A migração celular é essencial para o desenvolvimento embrionário, cicatrização de feridas e respostas imunes. A invasão estende a migração com a degradação ativa da matriz extracelular (ECM). Esses ensaios são críticos na pesquisa do câncer, estudos de angiogênese e triagem de fármacos.

Ensaio de Risco (Cicatrização de Ferida)

O ensaio de risco é o ensaio de migração mais simples e econômico. Uma monocamada confluente é riscada com uma ponta de pipeta para criar uma zona livre de células, e a taxa na qual as células migram para o espaço é medida ao longo do tempo.

Protocolo:

1. Cultive células até 100% de confluência em uma placa de 12 ou 24 poços.
2. Prive de soro durante a noite para suprimir a proliferação.
3. Risque a monocamada com uma ponta de pipeta de 200 µL ou uma ferramenta especializada para fazer feridas.
4. Lave com PBS para remover células destacadas.
5. Adicione meio com 0,5–2% de soro (para minimizar a proliferação).
6. Imageie o risco em intervalos (0, 6, 12, 24 horas) usando um microscópio de contraste de fase.
7. Meça a área da ferida usando ImageJ ou uma ferramenta de análise automatizada.

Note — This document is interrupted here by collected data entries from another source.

definition ring_B ::
  "('n \<Rightarrow> 'k::comm_ring_1) set \<Rightarrow> ('m \<Rightarrow> 'k) set \<Rightarrow> ((('m \<Rightarrow> 'k) \<Rightarrow> 'k) \<Rightarrow> ('n, 'k) opr)
   \<Rightarrow> ('d \<Rightarrow> 'k) set \<Rightarrow> ((('d \<Rightarrow> 'k) \<Rightarrow> 'k) \<Rightarrow> (('n \<Rightarrow> 'k) \<Rightarrow> 'k)) \<Rightarrow> ('n, 'k) opr set" where
  "ring_B X \<Lambda> L \<Lambda>' \<pi>' = gen_subring X (L ` coord_ring \<Lambda> \<union> (\<lambda>k. mult_op X (\<pi>' k)) ` coord_ring \<Lambda>')"

definition bispectrally_dual_via ::
  "('a::finite \<Rightarrow> 'k::field) set \<Rightarrow> ('c::finite \<Rightarrow> 'k) set \<Rightarrow> ((('c \<Rightarrow> 'k) \<Rightarrow> 'k) \<Rightarrow> ('a, 'k) opr)
   \<Rightarrow> ('b::finite \<Rightarrow> 'k) set \<Rightarrow> ('d::finite \<Rightarrow> 'k) set \<Rightarrow> ((('d \<Rightarrow> 'k) \<Rightarrow> 'k) \<Rightarrow> ('b, 'k) opr)
   \<Rightarrow> ((('c \<Rightarrow> 'k) \<Rightarrow> 'k) \<Rightarrow> (('b \<Rightarrow> 'k) \<Rightarrow> 'k))
   \<Rightarrow> ((('d \<Rightarrow> 'k) \<Rightarrow> 'k) \<Rightarrow> (('a \<Rightarrow> 'k) \<Rightarrow> 'k))
   \<Rightarrow> (('a, 'k) opr \<Rightarrow> ('b, 'k) opr) \<Rightarrow> bool" where
  "bispectrally_dual_via X \<Lambda> L X' \<Lambda>' L' \<pi> \<pi>' b \<longleftrightarrow>
     (let B = ring_B X \<Lambda> L \<Lambda>' \<pi>' in
       (\<forall>h\<in>coord_ring \<Lambda>. b (L h) = mult_op X' (\<pi> h)) \<and>
       (\<forall>k\<in>coord_ring \<Lambda>'. b (mult_op X (\<pi>' k)) = L' k) \<and>
       (\<forall>P1\<in>B. \<forall>P2\<in>B. b (op_comp X P1 P2) = op_comp X' (b P2) (b P1)) \<and>
       (\<forall>P1\<in>B. \<forall>P2\<in>B. b (op_add X P1 P2) = op_add X' (b P1) (b P2)) \<and>
       (\<forall>P\<in>B. b P = op_zero X' \<longleftrightarrow> P = op_zero X))"

end

theory Submission
  imports Defs
begin

text \<open>Since \<open>b\<close> preserves sums it preserves negatives, and since it reverses products it sends
  \<open>ad\<^bsub>L_f\<^esub>(Q) = L_f Q - Q L_f\<close> to \<open>b(Q) f - f b(Q) = ad\<^bsub>b(Q)\<^esub>(f)\<close>; iterating from
  \<open>b(g) = L'_g\<close> gives \<open>b(A\<^sub>i) = (-1)\<^sup>i ad\<^sub>f\<^sup>i(L'_g)\<close>. By Grothendieck's definition
  \<open>P \<mapsto> ad\<^bsub>P\<^esub>(f)\<close> lowers the order of a differential operator by one and kills order zero,
  so \<open>b(A\<^sub>i) = 0\<close> for \<open>i > ord L'_g\<close>, and \<open>A\<^sub>i = 0\<close> because \<open>b\<close> has trivial kernel.\<close>

lemma poly_funs_subst:
  assumes "p \<in> poly_funs" and "\<And>j. q j \<in> poly_funs"
  shows "(\<lambda>x. p (\<lambda>j. q j x)) \<in> poly_funs"
  using assms(1)
proof induction
  case (pf_const c) then show ?case by (rule poly_funs.pf_const)
next
  case (pf_var i) then show ?case using assms(2)[of i] by simp
next
  case (pf_add p1 p2) then show ?case using poly_funs.pf_add by fastforce
next
  case (pf_mult p1 p2) then show ?case using poly_funs.pf_mult by fastforce
qed

lemma coord_ring_uminus: "u \<in> coord_ring X \<Longrightarrow> restrict (\<lambda>x. - u x) X \<in> coord_ring X"
proof -
  assume "u \<in> coord_ring X"
  then obtain p where p: "p \<in> poly_funs" "u = restrict p X" unfolding coord_ring_def by blast
  have "(\<lambda>x. (\<lambda>x. -1) x * p x) \<in> poly_funs" by (intro poly_funs.pf_mult poly_funs.pf_const p)
  moreover have "restrict (\<lambda>x. - u x) X = restrict (\<lambda>x. (\<lambda>x. -1) x * p x) X"
    using p by (auto simp: restrict_def)
  ultimately show ?thesis unfolding coord_ring_def by blast
qed

lemma coord_ring_fmul: "a \<in> coord_ring X \<Longrightarrow> u \<in> coord_ring X \<Longrightarrow> fmul X a u \<in> coord_ring X"
proof -
  assume "a \<in> coord_ring X" "u \<in> coord_ring X"
  then obtain p q where p: "p \<in> poly_funs" "a = restrict p X" "q \<in> poly_funs" "u = restrict q X"
    unfolding coord_ring_def by blast
  have "(\<lambda>x. p x * q x) \<in> poly_funs" by (intro poly_funs.pf_mult p)
  moreover have "fmul X a u = restrict (\<lambda>x. p x * q x) X"
    using p by (auto simp: restrict_def fmul_def)
  ultimately show ?thesis unfolding coord_ring_def by blast
qed
lemma cyclic_sign_pattern_zero:
  fixes w :: "nat \<Rightarrow> real"
  assumes nonpos_step: "\<And>i. i < n \<Longrightarrow> w i \<le> 0 \<Longrightarrow> w (Suc i mod n) \<le> 0"
    and neg_step: "\<And>i. i < n \<Longrightarrow> w i < 0 \<Longrightarrow> w (Suc i mod n) < 0"
    and "\<not> (\<forall>i<n. 0 < w i)" "\<not> (\<forall>i<n. w i < 0)" "i < n"
  shows "w i = 0"
proof -
  obtain j where "j < n" "w j \<le> 0"
    using assms(3) by force
  then have nonpos: "w m \<le> 0" if "m < n" for m
    using cyclic_induct[of j n "\<lambda>i. w i \<le> 0"] nonpos_step that by blast
  have "0 \<le> w m" if "m < n" for m
  proof (rule ccontr)
    assume "\<not> 0 \<le> w m"
    then have "w i < 0" if "i < n" for i
      using cyclic_induct[of m n "\<lambda>i. w i < 0"] neg_step \<open>m < n\<close> that by force
    with assms(4) show False
      by blast
  qed
  with nonpos assms(5) show ?thesis
    by (simp add: order.antisym)
qed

Os dados são expressos como % de fechamento da ferida ou taxa de fechamento. O ensaio é simples, mas limitado pela variabilidade dos riscos manuais e pelo efeito confundidor da proliferação na borda da ferida.

Ensaio Transwell (Câmara de Boyden)

O ensaio Transwell usa um sistema de duas câmaras separadas por uma membrana porosa (tipicamente poros de 8 µm para a maioria dos tipos celulares, 3 µm para células pequenas como linfócitos). As células são colocadas na câmara superior, e um quimioatraente (ex.: FBS 10%, quimiocina específica) é colocado na câmara inferior. As células que migram através dos poros são fixadas, coradas (violeta cristal, DAPI) e contadas.

Para ensaios de invasão, o lado superior da membrana é revestido com uma camada fina de Matrigel, um extrato de membrana basal. As células devem degradar a barreira da ECM antes de migrar através dos poros, mimetizando a invasão fisiológica mais de perto do que apenas a migração.

Opções de quantificação:

• Contagem manual de células coradas na parte inferior da membrana (5–10 campos por poço).
• Solubilização do corante e medição da absorbância (DO 560–590 nm).
• Pré-marcação das células com Calceína AM e medição da fluorescência das células migradas.

Análise Celular em Tempo Real

Instrumentos livres de marcação como o xCELLigence usam microeletrodos no fundo de uma placa especializada para medir a impedância elétrica. À medida que as células migram do poço superior através de uma membrana, elas aderem à superfície do microeletrodo no lado inferior, aumentando o sinal de impedância. Isso fornece dados contínuos de migração em tempo real sem coloração ou fixação de ponto final.

Considerações Principais

• Gradiente de soro: um gradiente de concentração através da membrana fornece migração direcional. Sem gradiente, o movimento aleatório (quimiocinético) é medido.
• Revestimento de matriz: para invasão, o tamanho do poro da membrana, a composição da matriz (Matrigel, colágeno I, fibronectina) e a espessura do revestimento afetam os resultados.
• Densidade celular: poucas células produzem contagens baixas; muitas causam agregação e poros entupidos. Otimize a densidade para cada tipo celular.
• Curso temporal: a migração através de poros de 8 µm tipicamente leva 6–24 horas dependendo do tipo celular.